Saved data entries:
┄┄┄┄┄┄┄┄┄┄
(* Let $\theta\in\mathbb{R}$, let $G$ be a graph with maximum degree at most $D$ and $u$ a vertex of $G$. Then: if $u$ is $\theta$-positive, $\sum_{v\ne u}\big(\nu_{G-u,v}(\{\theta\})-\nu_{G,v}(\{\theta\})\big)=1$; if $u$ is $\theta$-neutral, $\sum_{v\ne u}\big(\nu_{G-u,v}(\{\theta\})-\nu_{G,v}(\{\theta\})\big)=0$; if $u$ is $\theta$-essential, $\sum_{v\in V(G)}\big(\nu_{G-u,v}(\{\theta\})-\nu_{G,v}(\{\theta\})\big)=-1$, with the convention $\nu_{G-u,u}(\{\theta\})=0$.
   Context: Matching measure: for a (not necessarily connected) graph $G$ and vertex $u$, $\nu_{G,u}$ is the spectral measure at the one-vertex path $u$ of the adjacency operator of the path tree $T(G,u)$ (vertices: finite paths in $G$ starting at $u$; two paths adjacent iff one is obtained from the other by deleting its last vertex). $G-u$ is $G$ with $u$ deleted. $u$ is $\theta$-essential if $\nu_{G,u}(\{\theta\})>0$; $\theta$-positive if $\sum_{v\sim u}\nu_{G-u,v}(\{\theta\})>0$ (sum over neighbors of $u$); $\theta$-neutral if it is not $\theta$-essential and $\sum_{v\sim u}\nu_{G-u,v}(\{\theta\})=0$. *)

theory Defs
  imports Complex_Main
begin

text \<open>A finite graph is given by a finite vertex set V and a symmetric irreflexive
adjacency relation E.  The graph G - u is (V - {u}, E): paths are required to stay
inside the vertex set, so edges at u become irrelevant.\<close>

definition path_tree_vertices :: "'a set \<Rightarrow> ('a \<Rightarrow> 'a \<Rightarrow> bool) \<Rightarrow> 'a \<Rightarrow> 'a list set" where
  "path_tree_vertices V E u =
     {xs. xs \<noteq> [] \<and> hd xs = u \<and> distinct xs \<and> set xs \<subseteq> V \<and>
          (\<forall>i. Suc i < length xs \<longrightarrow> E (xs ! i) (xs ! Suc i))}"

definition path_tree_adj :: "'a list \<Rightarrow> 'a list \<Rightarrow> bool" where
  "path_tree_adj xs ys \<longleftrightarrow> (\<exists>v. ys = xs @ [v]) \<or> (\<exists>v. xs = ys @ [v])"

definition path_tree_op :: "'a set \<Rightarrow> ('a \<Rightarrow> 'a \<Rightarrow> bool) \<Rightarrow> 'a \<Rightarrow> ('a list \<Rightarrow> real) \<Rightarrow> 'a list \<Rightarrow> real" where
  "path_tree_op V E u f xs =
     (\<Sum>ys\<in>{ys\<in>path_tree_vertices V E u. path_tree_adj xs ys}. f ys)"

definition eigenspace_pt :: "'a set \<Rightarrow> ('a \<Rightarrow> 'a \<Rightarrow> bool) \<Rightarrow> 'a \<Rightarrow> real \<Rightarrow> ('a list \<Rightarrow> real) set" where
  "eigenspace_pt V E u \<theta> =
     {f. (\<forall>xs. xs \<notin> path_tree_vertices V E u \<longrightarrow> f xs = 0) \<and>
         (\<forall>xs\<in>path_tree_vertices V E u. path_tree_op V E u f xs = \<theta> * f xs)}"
┄┄┄┄┄┄┄┄┄┄
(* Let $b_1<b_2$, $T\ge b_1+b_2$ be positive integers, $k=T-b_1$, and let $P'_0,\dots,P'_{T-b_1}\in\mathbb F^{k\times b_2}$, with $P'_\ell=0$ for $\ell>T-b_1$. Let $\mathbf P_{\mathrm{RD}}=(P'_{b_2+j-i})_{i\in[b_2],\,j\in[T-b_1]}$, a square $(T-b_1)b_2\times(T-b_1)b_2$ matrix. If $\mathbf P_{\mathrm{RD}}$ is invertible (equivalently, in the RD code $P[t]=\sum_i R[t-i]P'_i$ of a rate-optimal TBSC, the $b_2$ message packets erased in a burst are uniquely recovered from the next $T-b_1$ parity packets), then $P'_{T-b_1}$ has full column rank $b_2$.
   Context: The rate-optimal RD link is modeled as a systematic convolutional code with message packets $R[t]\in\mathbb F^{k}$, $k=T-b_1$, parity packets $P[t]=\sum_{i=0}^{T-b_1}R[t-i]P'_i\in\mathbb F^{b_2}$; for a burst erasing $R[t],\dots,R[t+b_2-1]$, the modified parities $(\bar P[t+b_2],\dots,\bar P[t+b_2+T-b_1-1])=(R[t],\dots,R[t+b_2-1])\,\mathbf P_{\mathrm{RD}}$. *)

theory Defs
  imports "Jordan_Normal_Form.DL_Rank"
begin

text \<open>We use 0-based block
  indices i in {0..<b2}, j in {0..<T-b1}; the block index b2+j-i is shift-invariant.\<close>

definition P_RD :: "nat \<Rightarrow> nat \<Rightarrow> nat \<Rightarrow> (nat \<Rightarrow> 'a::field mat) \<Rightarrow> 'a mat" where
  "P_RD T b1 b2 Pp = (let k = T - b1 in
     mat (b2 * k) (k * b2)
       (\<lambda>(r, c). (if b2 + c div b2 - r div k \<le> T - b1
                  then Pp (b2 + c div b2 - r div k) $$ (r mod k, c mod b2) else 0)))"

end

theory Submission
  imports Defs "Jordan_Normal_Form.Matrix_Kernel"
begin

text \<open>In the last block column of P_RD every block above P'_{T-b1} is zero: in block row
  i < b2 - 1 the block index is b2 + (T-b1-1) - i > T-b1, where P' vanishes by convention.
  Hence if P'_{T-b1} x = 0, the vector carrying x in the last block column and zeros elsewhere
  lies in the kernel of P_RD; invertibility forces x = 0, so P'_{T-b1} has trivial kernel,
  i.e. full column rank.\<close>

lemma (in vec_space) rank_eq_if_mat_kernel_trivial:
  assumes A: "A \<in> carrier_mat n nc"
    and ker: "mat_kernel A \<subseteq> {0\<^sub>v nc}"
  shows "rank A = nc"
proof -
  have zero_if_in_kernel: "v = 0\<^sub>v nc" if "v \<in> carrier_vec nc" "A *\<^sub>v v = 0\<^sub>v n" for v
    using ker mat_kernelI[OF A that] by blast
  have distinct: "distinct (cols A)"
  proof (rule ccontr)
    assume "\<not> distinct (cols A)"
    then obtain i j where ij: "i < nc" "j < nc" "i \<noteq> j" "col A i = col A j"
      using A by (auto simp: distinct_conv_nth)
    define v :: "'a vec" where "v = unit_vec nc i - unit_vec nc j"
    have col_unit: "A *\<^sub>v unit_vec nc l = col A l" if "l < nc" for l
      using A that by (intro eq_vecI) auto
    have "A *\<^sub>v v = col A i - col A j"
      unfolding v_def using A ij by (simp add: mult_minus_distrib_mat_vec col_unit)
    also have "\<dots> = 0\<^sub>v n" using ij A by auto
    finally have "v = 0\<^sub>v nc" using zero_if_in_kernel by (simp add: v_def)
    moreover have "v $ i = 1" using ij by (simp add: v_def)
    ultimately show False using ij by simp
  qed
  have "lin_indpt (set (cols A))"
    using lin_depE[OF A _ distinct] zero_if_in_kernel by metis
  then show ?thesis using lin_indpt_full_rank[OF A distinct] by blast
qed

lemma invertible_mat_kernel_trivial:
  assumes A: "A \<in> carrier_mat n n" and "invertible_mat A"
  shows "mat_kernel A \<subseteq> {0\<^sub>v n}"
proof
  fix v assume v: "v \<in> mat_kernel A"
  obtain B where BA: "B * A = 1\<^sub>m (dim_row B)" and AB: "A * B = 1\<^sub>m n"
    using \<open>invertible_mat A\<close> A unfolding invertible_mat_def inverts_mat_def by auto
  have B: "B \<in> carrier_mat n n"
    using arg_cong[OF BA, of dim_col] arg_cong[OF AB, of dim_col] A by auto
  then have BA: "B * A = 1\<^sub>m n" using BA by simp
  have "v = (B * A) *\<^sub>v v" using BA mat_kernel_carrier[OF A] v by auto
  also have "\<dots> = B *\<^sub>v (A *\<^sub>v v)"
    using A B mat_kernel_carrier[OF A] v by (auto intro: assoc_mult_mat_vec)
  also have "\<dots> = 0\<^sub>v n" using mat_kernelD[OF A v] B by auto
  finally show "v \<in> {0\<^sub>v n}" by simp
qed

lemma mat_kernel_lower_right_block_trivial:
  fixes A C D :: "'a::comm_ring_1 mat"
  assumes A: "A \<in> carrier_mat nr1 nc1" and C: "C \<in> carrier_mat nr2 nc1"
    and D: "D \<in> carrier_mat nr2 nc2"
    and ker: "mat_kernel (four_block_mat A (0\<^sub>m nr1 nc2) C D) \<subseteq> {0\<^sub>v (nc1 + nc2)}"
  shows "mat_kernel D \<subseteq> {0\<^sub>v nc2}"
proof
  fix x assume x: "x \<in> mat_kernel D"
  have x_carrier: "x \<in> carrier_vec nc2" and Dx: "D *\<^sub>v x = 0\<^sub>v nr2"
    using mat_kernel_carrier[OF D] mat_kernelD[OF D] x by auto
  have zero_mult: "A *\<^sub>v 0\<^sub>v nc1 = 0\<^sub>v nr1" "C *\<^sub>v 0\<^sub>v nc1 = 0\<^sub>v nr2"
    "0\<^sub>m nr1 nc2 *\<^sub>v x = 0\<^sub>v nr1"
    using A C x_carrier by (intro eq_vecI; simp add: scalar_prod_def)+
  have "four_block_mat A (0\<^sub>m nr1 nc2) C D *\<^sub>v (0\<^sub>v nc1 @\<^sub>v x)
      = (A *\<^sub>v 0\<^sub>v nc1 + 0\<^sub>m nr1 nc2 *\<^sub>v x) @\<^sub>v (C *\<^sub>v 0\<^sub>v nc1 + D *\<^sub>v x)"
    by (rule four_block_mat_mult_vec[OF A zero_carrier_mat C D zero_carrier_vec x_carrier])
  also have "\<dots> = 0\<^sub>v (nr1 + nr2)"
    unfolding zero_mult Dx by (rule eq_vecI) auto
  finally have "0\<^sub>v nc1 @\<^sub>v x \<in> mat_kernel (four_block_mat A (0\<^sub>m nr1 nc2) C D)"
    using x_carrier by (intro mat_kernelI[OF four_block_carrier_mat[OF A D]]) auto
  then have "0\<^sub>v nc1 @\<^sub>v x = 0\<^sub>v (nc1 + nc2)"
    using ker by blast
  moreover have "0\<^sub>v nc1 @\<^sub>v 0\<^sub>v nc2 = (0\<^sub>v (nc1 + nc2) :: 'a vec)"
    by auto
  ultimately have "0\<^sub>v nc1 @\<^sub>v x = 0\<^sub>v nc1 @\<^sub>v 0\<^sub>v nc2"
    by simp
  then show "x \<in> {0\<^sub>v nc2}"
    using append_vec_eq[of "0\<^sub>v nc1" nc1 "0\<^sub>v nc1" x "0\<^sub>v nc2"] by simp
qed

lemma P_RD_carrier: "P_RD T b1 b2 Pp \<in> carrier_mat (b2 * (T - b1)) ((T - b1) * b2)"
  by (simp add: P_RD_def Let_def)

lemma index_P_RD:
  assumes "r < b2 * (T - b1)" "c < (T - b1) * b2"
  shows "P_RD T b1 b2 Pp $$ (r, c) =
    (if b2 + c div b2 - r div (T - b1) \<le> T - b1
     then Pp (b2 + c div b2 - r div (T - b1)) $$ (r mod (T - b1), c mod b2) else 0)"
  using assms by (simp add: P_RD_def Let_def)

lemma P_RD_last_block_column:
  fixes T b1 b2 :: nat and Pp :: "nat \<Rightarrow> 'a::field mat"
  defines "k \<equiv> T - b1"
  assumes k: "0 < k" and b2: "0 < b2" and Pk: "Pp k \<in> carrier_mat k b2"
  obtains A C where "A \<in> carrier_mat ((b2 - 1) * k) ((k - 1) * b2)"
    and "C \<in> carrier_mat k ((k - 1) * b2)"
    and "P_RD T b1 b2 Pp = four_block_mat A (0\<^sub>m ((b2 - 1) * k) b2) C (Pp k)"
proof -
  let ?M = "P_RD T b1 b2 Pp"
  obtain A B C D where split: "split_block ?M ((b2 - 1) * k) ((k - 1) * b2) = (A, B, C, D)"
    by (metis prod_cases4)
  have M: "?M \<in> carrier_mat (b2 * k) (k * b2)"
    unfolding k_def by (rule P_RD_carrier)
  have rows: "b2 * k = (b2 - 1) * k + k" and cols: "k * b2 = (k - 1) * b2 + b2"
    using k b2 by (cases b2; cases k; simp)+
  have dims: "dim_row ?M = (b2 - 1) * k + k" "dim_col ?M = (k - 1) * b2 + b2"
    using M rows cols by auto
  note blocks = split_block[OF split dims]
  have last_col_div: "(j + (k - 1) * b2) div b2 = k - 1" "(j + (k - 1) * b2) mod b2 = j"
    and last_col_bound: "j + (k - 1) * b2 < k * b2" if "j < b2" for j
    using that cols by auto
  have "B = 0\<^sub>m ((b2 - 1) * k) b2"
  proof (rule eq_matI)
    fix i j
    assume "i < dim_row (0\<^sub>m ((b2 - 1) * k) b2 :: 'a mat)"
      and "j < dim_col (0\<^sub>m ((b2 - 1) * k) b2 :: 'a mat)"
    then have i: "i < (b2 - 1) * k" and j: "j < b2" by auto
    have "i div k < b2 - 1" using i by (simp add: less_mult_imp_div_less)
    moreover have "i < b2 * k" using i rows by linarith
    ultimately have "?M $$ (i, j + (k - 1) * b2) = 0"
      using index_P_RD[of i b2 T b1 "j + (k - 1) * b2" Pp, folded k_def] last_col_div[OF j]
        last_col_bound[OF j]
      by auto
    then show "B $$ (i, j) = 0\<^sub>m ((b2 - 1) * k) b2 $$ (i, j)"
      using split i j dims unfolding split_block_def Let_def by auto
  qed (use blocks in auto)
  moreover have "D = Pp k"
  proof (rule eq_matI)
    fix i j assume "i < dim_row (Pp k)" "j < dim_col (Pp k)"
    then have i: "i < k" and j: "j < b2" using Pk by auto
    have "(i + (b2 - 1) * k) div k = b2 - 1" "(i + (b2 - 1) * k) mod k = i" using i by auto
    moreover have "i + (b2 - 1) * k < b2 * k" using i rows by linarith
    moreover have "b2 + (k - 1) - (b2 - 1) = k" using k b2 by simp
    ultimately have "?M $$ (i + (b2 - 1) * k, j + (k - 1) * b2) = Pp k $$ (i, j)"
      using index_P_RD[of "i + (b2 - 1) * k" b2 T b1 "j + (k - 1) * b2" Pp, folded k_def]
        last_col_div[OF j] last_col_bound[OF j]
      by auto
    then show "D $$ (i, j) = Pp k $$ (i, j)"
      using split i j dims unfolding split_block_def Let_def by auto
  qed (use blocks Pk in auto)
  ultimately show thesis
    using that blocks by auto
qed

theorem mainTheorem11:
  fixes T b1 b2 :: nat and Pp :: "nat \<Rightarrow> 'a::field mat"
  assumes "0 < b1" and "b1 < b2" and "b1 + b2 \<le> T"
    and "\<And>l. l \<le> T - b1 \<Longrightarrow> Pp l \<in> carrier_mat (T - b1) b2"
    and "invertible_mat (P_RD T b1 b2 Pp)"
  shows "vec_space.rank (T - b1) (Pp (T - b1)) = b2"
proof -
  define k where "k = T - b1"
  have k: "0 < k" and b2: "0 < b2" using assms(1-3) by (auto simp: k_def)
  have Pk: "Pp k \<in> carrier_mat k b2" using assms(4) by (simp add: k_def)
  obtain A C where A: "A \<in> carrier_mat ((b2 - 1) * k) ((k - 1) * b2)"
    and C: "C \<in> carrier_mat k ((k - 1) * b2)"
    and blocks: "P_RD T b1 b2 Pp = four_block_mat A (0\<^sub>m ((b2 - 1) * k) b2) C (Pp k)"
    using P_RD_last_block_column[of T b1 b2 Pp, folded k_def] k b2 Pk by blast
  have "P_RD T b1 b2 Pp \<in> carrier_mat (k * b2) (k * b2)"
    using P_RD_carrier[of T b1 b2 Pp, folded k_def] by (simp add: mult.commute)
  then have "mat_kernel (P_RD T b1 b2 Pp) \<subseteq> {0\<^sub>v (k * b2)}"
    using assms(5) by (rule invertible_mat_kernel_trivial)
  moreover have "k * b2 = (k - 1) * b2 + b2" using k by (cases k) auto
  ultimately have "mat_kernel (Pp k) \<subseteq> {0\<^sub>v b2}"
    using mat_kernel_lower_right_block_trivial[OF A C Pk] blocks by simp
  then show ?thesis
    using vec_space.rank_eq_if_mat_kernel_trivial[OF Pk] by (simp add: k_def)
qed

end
┄┄┄┄┄┄┄┄┄┄
What you have to do:
Check each line above for "dims" and return the ones that have it.

Task answer:
  have dims: "dim_row ?M = (b2 - 1) * k + k" "dim_col ?M = (k - 1) * b2 + b2"
  note blocks = split_block[OF split dims]
      using split i j dims unfolding split_block_def Let_def by auto
      using split i j dims unfolding split_block_def Let_def by auto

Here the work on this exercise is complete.